I start the game with a reminder to myself to pay attention: “Don’t lose your queen.”
On the all-too-frequent occasions when I lose concentration, or my husband sets up a strategy from which I can’t escape, the loss of my most powerful piece doesn’t bring out the best in me.
“Argh,” I groan, sometimes slapping my hand down on the table in frustration.
This day, however, with great satisfaction, I capture my husband’s queen and his response is different.
”Well done,” he says.
I wonder, not for the first time, about the kind of parenting that produced a kid, now a man, who says “well done” when his queen is captured. I think of my gentle, encouraging father-in-love, and it makes perfect sense.
There’s something about Gerry’s words that makes me want to do better—in the way I play the game, and in the way I respond to defeat. In the way I respond to everything, really.
This is great truth. Kindness matters. Encouragement changes people. Winning isn’t the most important thing. The most important lessons, the things that alter our perspective and our life, are quiet and simple things we miss when we think we know it all.
The game continues. I rack up another loss despite the capture of my husband’s queen, but I come away from the chess board richer.

When my 8-year-old grandson was teaching me how to play chess, he had his hand playing “solitaire” on a checker board near by because I was so slow.
Ha! I love it! And I understand. 🙂
My son tried to teach me chess. He did, but I was never one to “get into it” like he did. He’s the strategist. I am not. I like easy games with words – like Scrabble. I don’t like games that I have to think 5 moves ahead.
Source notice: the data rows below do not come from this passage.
(* Let $q,n,a,h,t$ be positive integers with $a\le q-1$, $h\le n$, $a\le t\le ah$, and suppose $t+1$ divides $q$. For $j\in\{0,1,\dots,t\}$ let $$\mathcal C_q^{(j)}(n;t)=\Big\{\mathbf x\in[q]^n:\ \sum_{i=1}^n x_i\equiv j\pmod{t+1}\Big\}.$$ Then for every $j\in\{0,1,\dots,t\}$, $\mathcal C_q^{(j)}(n;t)$ is an optimal $(a,h,t)^\circ$-AED code in $[q]^n$, i.e., it is $(a,h,t)^\circ$-AED and no $(a,h,t)^\circ$-AED code in $[q]^n$ has larger cardinality (its cardinality being $\frac{q^n}{t+1}$).
   Context: $[q]=\{0,1,\dots,q-1\}$ and $+_q$ denotes coordinatewise addition modulo $q$. Cyclic asymmetric channel: an input $\mathbf x\in[q]^n$ can produce any output $\mathbf y=\mathbf x+_q\mathbf f$, where $\mathbf f\in[q]^n$ satisfies (1) $0\le f_i\le a$ for all $i$; (2) $\sum_{i=1}^n\mathbb 1_{\{f_i\ne0\}}\le h$; (3) $\sum_{i=1}^n f_i\le t$. These are called $(a,h,t)^\circ$-asymmetric errors; $\mathrm{Out}^\circ(\mathbf x)$ denotes the set of all such outputs. A code $\mathcal C\subseteq[q]^n$ is $(a,h,t)^\circ$-AED if for all $\mathbf x\in\mathcal C$ and $\mathbf y\in\mathrm{Out}^\circ(\mathbf x)$ with $\mathbf y\ne\mathbf x$, we have $\mathbf y\notin\mathcal C$. *)

theory Defs
  imports Main
begin

text \<open>Words of length n over [q] = {0..q-1}, represented as functions nat => nat
  with entries below q at positions < n and equal to 0 elsewhere.\<close>
definition words :: "nat \<Rightarrow> nat \<Rightarrow> (nat \<Rightarrow> nat) set" where
  "words q n = {x. (\<forall>i<n. x i < q) \<and> (\<forall>i\<ge>n. x i = 0)}"

definition err_vecs :: "nat \<Rightarrow> nat \<Rightarrow> nat \<Rightarrow> nat \<Rightarrow> nat \<Rightarrow> (nat \<Rightarrow> nat) set" where
  "err_vecs q n a h t = {f. f \<in> words q n \<and> (\<forall>i<n. f i \<le> a)
      \<and> card {i. i < n \<and> f i \<noteq> 0} \<le> h \<and> (\<Sum>i<n. f i) \<le> t}"

definition add_mod :: "nat \<Rightarrow> nat \<Rightarrow> (nat \<Rightarrow> nat) \<Rightarrow> (nat \<Rightarrow> nat) \<Rightarrow> (nat \<Rightarrow> nat)" where
  "add_mod q n x f = (\<lambda>i. if i < n then (x i + f i) mod q else 0)"

definition Out_cyc :: "nat \<Rightarrow> nat \<Rightarrow> nat \<Rightarrow> nat \<Rightarrow> nat \<Rightarrow> (nat \<Rightarrow> nat) \<Rightarrow> (nat \<Rightarrow> nat) set" where
  "Out_cyc q n a h t x = add_mod q n x ` err_vecs q n a h t"
(* Let $k\ge1$ be an integer and $a,b,c\in\mathbb{C}$ with $a-b,\ a-c,\ a-b+1,\ a-c+1\notin\{0,-1,-2,\dots\}$, $b+c+k\neq0$, and $\mathrm{Re}(a-2b-2c-2k)>1$. Define $$G_k(a,b,c)={}_3F_2\!\left(\left.\begin{array}{c}a,\ b+k,\ c+k\\ a-b+1,\ a-c+1\end{array}\right|1\right).$$ Then $$G_{k+1}(a,b,c)=\frac{a\,[a-1-2(b+c+k)]}{k\,(b+c+k)}\,G_k(a+1,b+1,c+1)-\frac{(a-b)(a-c)}{k\,(b+c+k)}\,G_k(a-1,b,c).$$
   Context: ${}_3F_2(a_1,a_2,a_3;b_1,b_2;1)=\sum_{m\ge0}\frac{(a_1)_m(a_2)_m(a_3)_m}{m!\,(b_1)_m(b_2)_m}$ with $(\alpha)_m=\Gamma(\alpha+m)/\Gamma(\alpha)$, absolutely convergent when $\mathrm{Re}(b_1+b_2-a_1-a_2-a_3)>0$. Note $G_k(a+1,b+1,c+1)={}_3F_2(a+1,b+k+1,c+k+1;a-b+1,a-c+1;1)$ and $G_k(a-1,b,c)={}_3F_2(a-1,b+k,c+k;a-b,a-c;1)$. *)

theory Defs
  imports "HOL-Analysis.Analysis"
begin

text \<open>Generalized hypergeometric series 3F2 evaluated at 1, as the sum of the series
  (the theorem's hypotheses guarantee absolute convergence of every instance used).\<close>
definition hyp3F2_1 :: "complex \<Rightarrow> complex \<Rightarrow> complex \<Rightarrow> complex \<Rightarrow> complex \<Rightarrow> complex" where
  "hyp3F2_1 a1 a2 a3 b1 b2 =
     (\<Sum>m. pochhammer a1 m * pochhammer a2 m * pochhammer a3 m /
           (fact m * pochhammer b1 m * pochhammer b2 m))"

definition G :: "nat \<Rightarrow> complex \<Rightarrow> complex \<Rightarrow> complex \<Rightarrow> complex" where
  "G k a b c = hyp3F2_1 a (b + of_nat k) (c + of_nat k) (a - b + 1) (a - c + 1)"

end

theory Submission
  imports Defs
begin
(* In the transactional panorama model with the lenses and metrics described in the context, $S(\mathrm{LCMB}) \le S(\mathrm{LCNB})$ and $S(\mathrm{ICNB}) \le S(\mathrm{LCNB})$, while the order between $S(\mathrm{LCMB})$ and $S(\mathrm{ICNB})$ depends on the workload (neither inequality between them holds for all workloads).
   Context: A view graph is a DAG on a set $N$ of nodes (source data and views). Write transactions are processed one at a time; write transaction $w^{t_i}$ creates version $G^{t_i}$ with state set $V^{t_i}$ containing, for each node $n_k$, either its computed new result $v_k^{t_i}$, a placeholder $UC_k^{t_i}$ if $w^{t_i}$ updates $n_k$ but has not yet computed it, or its result from the previous version if $n_k$ is not updated. A version is committed once all its new results are computed; at any time there is the committed graph (most recently committed version, no UCs) and the latest graph (version of the most recent write transaction). Read transactions $r^{s_1},\dots,r^{s_m}$ each read the views in the current viewport and return immediately a set $H^{s_i}$ of states (results or UCs); $Time(r^{s_i})$ is its return time. A returned state's timestamp is that of its version. Lenses: LCNB returns the viewport states from the more recent of the committed and latest graphs that has zero UCs for the viewport. LCMB: if reading either the committed or the latest graph preserves monotonicity (no view gets a state with smaller timestamp than previously read), behave like LCNB; otherwise read the latest graph. ICNB returns, for each view independently, its most recently computed result. Staleness for $R=\{r^{s_1},\dots,r^{s_m}\}$: $S(R)=\sum_{i=1}^{m-1}\sum_{v_k^{t_j}\in H^{s_i}_{qr}}\mathbf{1}[v_k^{t_j}\notin V^{t_i}]\,(Time(r^{s_{i+1}})-Time(r^{s_i}))$ where $H^{s_i}_{qr}$ is the set of view results (non-UC states) in $H^{s_i}$ and $G^{t_i}$ is the latest version before $r^{s_i}$ starts. $S(A)$ denotes staleness under lens $A$; lenses are compared on the same write transactions, the same order of computing new view results, and the same sequence of read transactions. A workload consists of the view graph, viewports, and read/write transactions. *)

theory Defs
  imports Main "HOL.Real"
begin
It’s interesting to me how poor I am at chess. I was a computer programmer (don’t think they’re called that anymore!) for years and lived in the world of logic and if-then-else. It seems those skills would translate to chess strategy, but it seems not. We like all kinds of games around here, but Scrabble is off limits. We played one game, not long after we were married, and I vowed to never play with Gerry again. He’s got some dyslexia and makes words up! A crime, in the eyes of this wordy girl!